Personal information
- Full name: Tony Notte
- Date of birth: 15 April 1990 (age 35)
- Original team(s): Upper Swan JFC
- Height: 194 cm (6 ft 4 in)
- Weight: 90 kg (198 lb)
- Position(s): Forward/Ruck

Club information
- Current club: Swan Districts
- Number: 28

Playing career^{1}
- Years: Club / Games (Goals)
- 2008–2025: Swan Districts / 323 (192)
- 2008: West Coast / 2 (0)
- Total:  / 325 (192)
- ^{1} Playing statistics correct to the end of 2024.

Career highlights
- WAFL Premiership Player: 2010; AIS-AFL Academy 2007; Western Australia Under-18 team 2007; Swan Districts best and fairest (2013, 2015, 2018);

= Tony Notte =

Australian rules footballer

Tony Notte (born 15 April 1990) is an Australian rules footballer currently listed with the Swan Districts Football Club in the West Australian Football League (WAFL).
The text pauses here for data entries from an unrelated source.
(* Let $\mathcal{A}$ be a pOC with state set $Q$ and let $p,q\in Q$ be such that $[p{\downarrow}q]>0$ and $q$ lies in a bottom strongly connected component $B$ of $\mathcal{X}$ whose trend $t$ satisfies $t\neq0$. Then $$E(p{\downarrow}q)\le 85000\cdot\frac{|Q|^6}{x_{\min}^{5|Q|+|Q|^3}\cdot t^4}.$$
   Context: A pOC is $\mathcal{A}=(Q,\delta^{=0},\delta^{>0},P^{=0},P^{>0})$ with the following components. - $\delta^{>0}\subseteq Q\times\{-1,0,1\}\times Q$ are the positive rules and $\delta^{=0}\subseteq Q\times\{0,1\}\times Q$ are the zero rules. Every state has both kinds of outgoing rule. - $P^{>0}$ and $P^{=0}$ are positive rational probability distributions over the outgoing rules of each state. $\mathcal{M}_\mathcal{A}$ is the Markov chain on configurations $p(i)$ with the following transitions: - $p(0)\to q(c)$ with probability $P^{=0}(p,c,q)$; - for $i\ge1$, $p(i)\to q(i+c)$ with probability $P^{>0}(p,c,q)$. $\mathrm{Run}(p{\downarrow}q)$ is the set of runs from $p(1)$ that visit $q(0)$ with the counter positive before that visit. $[p{\downarrow}q]$ is its probability, and $E(p{\downarrow}q)$ is the conditional expected number of transitions until the first visit of $q(0)$ given $\mathrm{Run}(p{\downarrow}q)$. $\mathcal{X}$ is the finite Markov chain on $Q$ with transition matrix $A_{pq}=\sum_c P^{>0}(p,c,q)$. For a bottom strongly connected component $B$ of $\mathcal{X}$, let $\alpha$ be the (unique) invariant distribution of $\mathcal{X}$ restricted to $B$. For $r\in B$ let $s_r=\sum_{(r,c,r')\in\delta^{>0}}P^{>0}(r,c,r')\cdot c$. The trend of $B$ is $t=\sum_{r\in B}\alpha_r s_r$. $x_{\min}$ is the least positive probability used in the rules of $\mathcal{A}$. *)

theory Defs
  imports "HOL-Analysis.Analysis"
begin

text \<open>Rules are triples (p, c, q); the probability assignments are given as functions
  that are positive exactly on the rules and vanish elsewhere.\<close>

definition pOC ::
  "('q::finite \<times> int \<times> 'q) set \<Rightarrow> ('q \<times> int \<times> 'q) set \<Rightarrow>
   ('q \<Rightarrow> int \<Rightarrow> 'q \<Rightarrow> real) \<Rightarrow> ('q \<Rightarrow> int \<Rightarrow> 'q \<Rightarrow> real) \<Rightarrow> bool" where
  "pOC dz dp Pz Pp \<longleftrightarrow>
     dp \<subseteq> {(p, c, q). c \<in> {-1, 0, 1}} \<and>
     dz \<subseteq> {(p, c, q). c \<in> {0, 1}} \<and>
     (\<forall>p. \<exists>c q. (p, c, q) \<in> dp) \<and>
     (\<forall>p. \<exists>c q. (p, c, q) \<in> dz) \<and>
     (\<forall>p c q. (p, c, q) \<in> dp \<longrightarrow> Pp p c q > 0 \<and> Pp p c q \<in> \<rat>) \<and>
     (\<forall>p c q. (p, c, q) \<in> dz \<longrightarrow> Pz p c q > 0 \<and> Pz p c q \<in> \<rat>) \<and>
     (\<forall>p c q. (p, c, q) \<notin> dp \<longrightarrow> Pp p c q = 0) \<and>
     (\<forall>p c q. (p, c, q) \<notin> dz \<longrightarrow> Pz p c q = 0) \<and>
     (\<forall>p. (\<Sum>(c, q) \<in> {-1, 0, 1} \<times> UNIV. Pp p c q) = 1) \<and>
     (\<forall>p. (\<Sum>(c, q) \<in> {0, 1} \<times> UNIV. Pz p c q) = 1)"

definition trans_prob ::
  "('q \<Rightarrow> int \<Rightarrow> 'q \<Rightarrow> real) \<Rightarrow> ('q \<Rightarrow> int \<Rightarrow> 'q \<Rightarrow> real) \<Rightarrow>
   ('q \<times> nat) \<Rightarrow> ('q \<times> nat) \<Rightarrow> real" where
  "trans_prob Pz Pp x y =
     (if snd x = 0 then Pz (fst x) (int (snd y) - int (snd x)) (fst y)
      else Pp (fst x) (int (snd y) - int (snd x)) (fst y))"

text \<open>first_hit Pz Pp q n x: probability that the run from configuration x
  reaches q(0) after exactly n transitions, with the counter positive at all
  configurations before (i.e. q(0) is the first configuration with counter zero).
  Only configurations with counter at most i+1 are reachable in one step from i.\<close>

fun first_hit ::
  "('q::finite \<Rightarrow> int \<Rightarrow> 'q \<Rightarrow> real) \<Rightarrow> ('q \<Rightarrow> int \<Rightarrow> 'q \<Rightarrow> real) \<Rightarrow>
   'q \<Rightarrow> nat \<Rightarrow> ('q \<times> nat) \<Rightarrow> real" where
  "first_hit Pz Pp q 0 x = (if x = (q, 0) then 1 else 0)"
| "first_hit Pz Pp q (Suc n) x =
     (if snd x = 0 then 0
      else (\<Sum>y \<in> UNIV \<times> {..snd x + 1}. trans_prob Pz Pp x y * first_hit Pz Pp q n y))"

definition term_prob where
  "term_prob Pz Pp p q = (\<Sum>n. first_hit Pz Pp q n (p, 1))"

text \<open>Conditional expected termination time E(p\<down>q); finiteness is stated separately
  (summability of the series below).\<close>
definition exp_time where
  "exp_time Pz Pp p q = (\<Sum>n. real n * first_hit Pz Pp q n (p, 1)) / term_prob Pz Pp p q"

definition X_mat :: "('q \<Rightarrow> int \<Rightarrow> 'q \<Rightarrow> real) \<Rightarrow> 'q \<Rightarrow> 'q \<Rightarrow> real" where
  "X_mat Pp p q = (\<Sum>c \<in> {-1, 0, 1}. Pp p c q)"

definition X_edges where
  "X_edges Pp = {(p, q). X_mat Pp p q > 0}"

definition is_bscc :: "('q \<Rightarrow> int \<Rightarrow> 'q \<Rightarrow> real) \<Rightarrow> 'q set \<Rightarrow> bool" where
  "is_bscc Pp B \<longleftrightarrow> B \<noteq> {} \<and>
     (\<forall>r \<in> B. \<forall>r'. (r, r') \<in> X_edges Pp \<longrightarrow> r' \<in> B) \<and>
     (\<forall>r \<in> B. \<forall>r' \<in> B. (r, r') \<in> (X_edges Pp)\<^sup>*)"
He previously played two matches for the West Coast Eagles in the Australian Football League (AFL).

==Career==
Born in Perth, Western Australia, Notte played junior football for the Upper Swan Junior Football Club, and attended Governor Stirling Senior High School in Woodbridge. He represented Western Australia at the 2007 AFL Under 18 Championships, and was part of the Australian Institute of Sport's AFL Academy intake in 2007. Notte also played colts (under-18) matches for the Swan Districts Football Club in the WAFL. Notte was drafted by West Coast with the 20th pick overall in the 2007 National Draft, held in November 2007. He made his AFL debut in Round 20, 2008 against the Melbourne Football Club. Notte was de-listed at the end of the 2010 season.

On 28 June 2025, Notte played his 323rd and final WAFL game for Swan Districts, finishing as the club's games record holder.